This document describes using JSim MML's built-in integral() and sum() functions.

Prerequisites:

Contents:

## Integrals

Integration of an integrand "expr" over realDomain t from t=lowbound to t=hibound is written as follows:

```      integral(t=lowbound to hibound, expr)
```

Integration over the entire range of t (from t.min to t.max) may be written compactly as:

```      integral(expr@t) // same as integral(t=t.min to t.max, expr)
```

Simple examples of integral() are demonstrated below:

```// simple examples of integral() operator
unit conversion on;
import nsrunit;
math integral1 {
realDomain t sec; t.min=0; t.max=2; t.delta=1; // time (seconds)
real u(t) = t^2 * (1 m/sec^2);           // (meters)
real v(t) = integral(t=t.min to t, u);   // (meter*sec)
real w1 = integral(t=t.min to t.max, u); // (meter*sec)
real w2 = integral(u@t);                 // (meter*sec)
// Another approach (solution is ODE dependent):
real z(t);
when(t=t.min) z=0;  // Initial condition
z:t = u;            // integral of u(t) from t.min to t.max
}
```
(Java required)

Here v(t) represents the integral of u up to the current time. w1 and w2 are calculated identically and represent the integral u over all time. All integrated variables will be assigned units m*sec, since an integral's units are the product of the units of the integrated quantity and the units of the variable of integration.

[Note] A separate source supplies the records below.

text \<open>The radial segments through a set of diameter at most \<open>\<rho>\<close> are covered by \<open>m + 1\<close>
  balls of radius \<open>2 \<rho>\<close> centred at equally spaced points of one of them.\<close>
lemma radial_shell_subset_cballs:
  fixes C :: "'a::real_normed_vector set"
  assumes "bounded C" "diameter C \<le> \<rho>" "x0 \<in> C" "norm x0 \<le> l"
    and "0 < h" "0 < m" "l * h \<le> \<rho> * real m"
  shows "radial_shell l h C \<subseteq> (\<Union>j\<le>m. cball ((1 - h + real j * h / real m) *\<^sub>R x0) (2 * \<rho>))"
proof
  fix p
  assume "p \<in> radial_shell l h C"
  then obtain x t where p: "p = t *\<^sub>R x" and x: "x \<in> C"
    and t: "1 - h \<le> t" "t \<le> 1" "0 \<le> t"
    unfolding radial_shell_def by blast
  define u where "u = (t - (1 - h)) * real m / h"
  define j where "j = nat \<lfloor>u\<rfloor>"
  define tj where "tj = 1 - h + real j * h / real m"
  have "(t - (1 - h)) * real m \<le> h * real m"
    using t by (intro mult_right_mono) auto
  then have u: "0 \<le> u" "u \<le> real m"
    using t assms(5,6) by (simp_all add: u_def pos_divide_le_eq)
  then have j: "real j \<le> u" "u < real j + 1" "j \<le> m"
    unfolding j_def by linarith+
  have t_eq: "t - tj = (u - real j) * h / real m"
    using assms(5,6) by (simp add: u_def tj_def field_simps)
  have "0 \<le> u - real j" "u - real j \<le> 1"
    using j by linarith+
  then have "0 \<le> t - tj" "t - tj \<le> 1 * h / real m"
    unfolding t_eq using assms(5,6) by (auto intro!: divide_right_mono mult_right_mono)
  have "norm (p - tj *\<^sub>R x0) = norm (t *\<^sub>R (x - x0) + (t - tj) *\<^sub>R x0)"
    unfolding p by (simp add: algebra_simps)
  also have "\<dots> \<le> t * norm (x - x0) + (t - tj) * norm x0"
    using norm_triangle_ineq[of "t *\<^sub>R (x - x0)" "(t - tj) *\<^sub>R x0"] t \<open>0 \<le> t - tj\<close> by simp
  also have "\<dots> \<le> 1 * \<rho> + h / real m * l"
  proof (intro add_mono mult_mono)
    show "norm (x - x0) \<le> \<rho>"
      using diameter_bounded_bound[OF assms(1) x assms(3)] assms(2) by (simp add: dist_norm)
  qed (use t \<open>0 \<le> t - tj\<close> \<open>t - tj \<le> 1 * h / real m\<close> assms(4,5,6) in auto)
  also have "\<dots> \<le> 2 * \<rho>"
    using assms(6,7) by (simp add: field_simps)
  finally show "p \<in> (\<Union>j\<le>m. cball ((1 - h + real j * h / real m) *\<^sub>R x0) (2 * \<rho>))"
    using j(3) by (auto simp: tj_def dist_norm norm_minus_commute)
qed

Like other MML functions, integral() will generate unit conversion errors if it is used in an inappropriate context. The integral() is a first order approximation and approaches the true integral of u as t.delta -> 0 . This can be shown by letting z(t) represent the integral u over all time, expressed as an ordinary differential equation (ODE), and running the model at ever smaller t.delta values. Note that the result of an integral obtained by an ODE equation is solver dependent (Euler accuracy is usually much worse than Radau).

While integrating from t.min to t.max or from t.min to t are the most common uses, the integrals may be between any two values to t. Also, the expression integrated need not be a simple variable, for example:

```      integral(t=t.min+1 to t/2, u^2*exp(-v))
```

MML integral() can also be used to "integrate out" one domain of a multi-dimensional variable:

```// "integrating out" one variable domain
unit conversion on;
import nsrunit;
math integral2 {
realDomain t sec; t.min=0; t.max=6; t.delta=1; // time (seconds)
realDomain x m; x.min=0; x.max=1; x.delta=0.1; // space (meters)
real u(t,x) = t^2*(1 mole/sec^2) + x^2*(1 mole/m^2); // u (mole)
real v(t) = integral(x=x.min to x.max, u); // v (mole*meters)
}

```
(Java required)

## Sums

Using the sum and integral operators to integrate a function IS NOT RECOMMENDED and is illustrated by the following example.

```import nsrunit;
unit conversion on;
math sum0{
realDomain t sec; t.min=0; t.max=10; t.ct=101;
real x(t) = t^2;

/* Compute the average over x(t):
x(t) is a discrete series. */
real Average sec^2;
Average = sum(x@t)/t.ct;

/* An approximate integral can be calculated in
two different ways: The first way,
ApproximateIntegral1 uses the sum operator
AND IS NOT RECOMMENDED;   */
real ApproximateIntegral1 sec^3;
ApproximateIntegral1 = sum(x*t.delta@t);
// yields ApproximateIntegral1=338.35.

/* The second way is more accurate. It uses
the integral operator which uses trapezoidal integration.
*/
real  ApproximateIntegral2 sec^3;
ApproximateIntegral2 = integral(x@t);
// yields ApproximateIntegral2=333.35

/* Both of these methods converge to the exact answer as
t.ct (the number of points between t.min=0 and t.max=10
gets large. The most accurate method is to directly
integrate the function.                                */
real ExactIntegral(t) sec^3;
when(t=t.min) ExactIntegral = 0;
ExactIntegral:t = x;
// yields ExactIntegral = 333.33333333333.
}
```
(Java required)

The sum operator is used extensively in the models found by searching with the keyword "Fourier."

The summation of a summand "expr" over realDomain t from t=lowbound to t=hibound is written as follows:

```      sum(t=lowbound to hibound, expr)
```

Summation over the entire range of t (from t.min to t.max) may be written compactly as:

```      sum(expr@t) // same as sum(t=t.min to t.max, expr)
```

Simple examples of sum() are demonstrated below:

```// simple examples of sum() operator
unit conversion on;
import nsrunit;
math sums {
realDomain t sec; t.min=0; t.max=5; t.delta=1; // time (seconds)
real u(t) = t^2 * (1 m/sec^2);  // u (meters)
real v(t) = sum(t=t.min to t, u); // v (meter)
real w1 = sum(t=t.min to t.max, u); // w1 (meter)
real w2 = sum(u@t); // w2 (meter)
}
```
(Java required)

Here v(t) represents the sum of u up to the current time. w1 and w2 are calculated identically and represent the sum u over all time. All summed variables will be assigned units m, since a sum's units are equal to those of the summand. Like other MML functions, sum() will generate unit conversion errors if it is used in an inappropriate context.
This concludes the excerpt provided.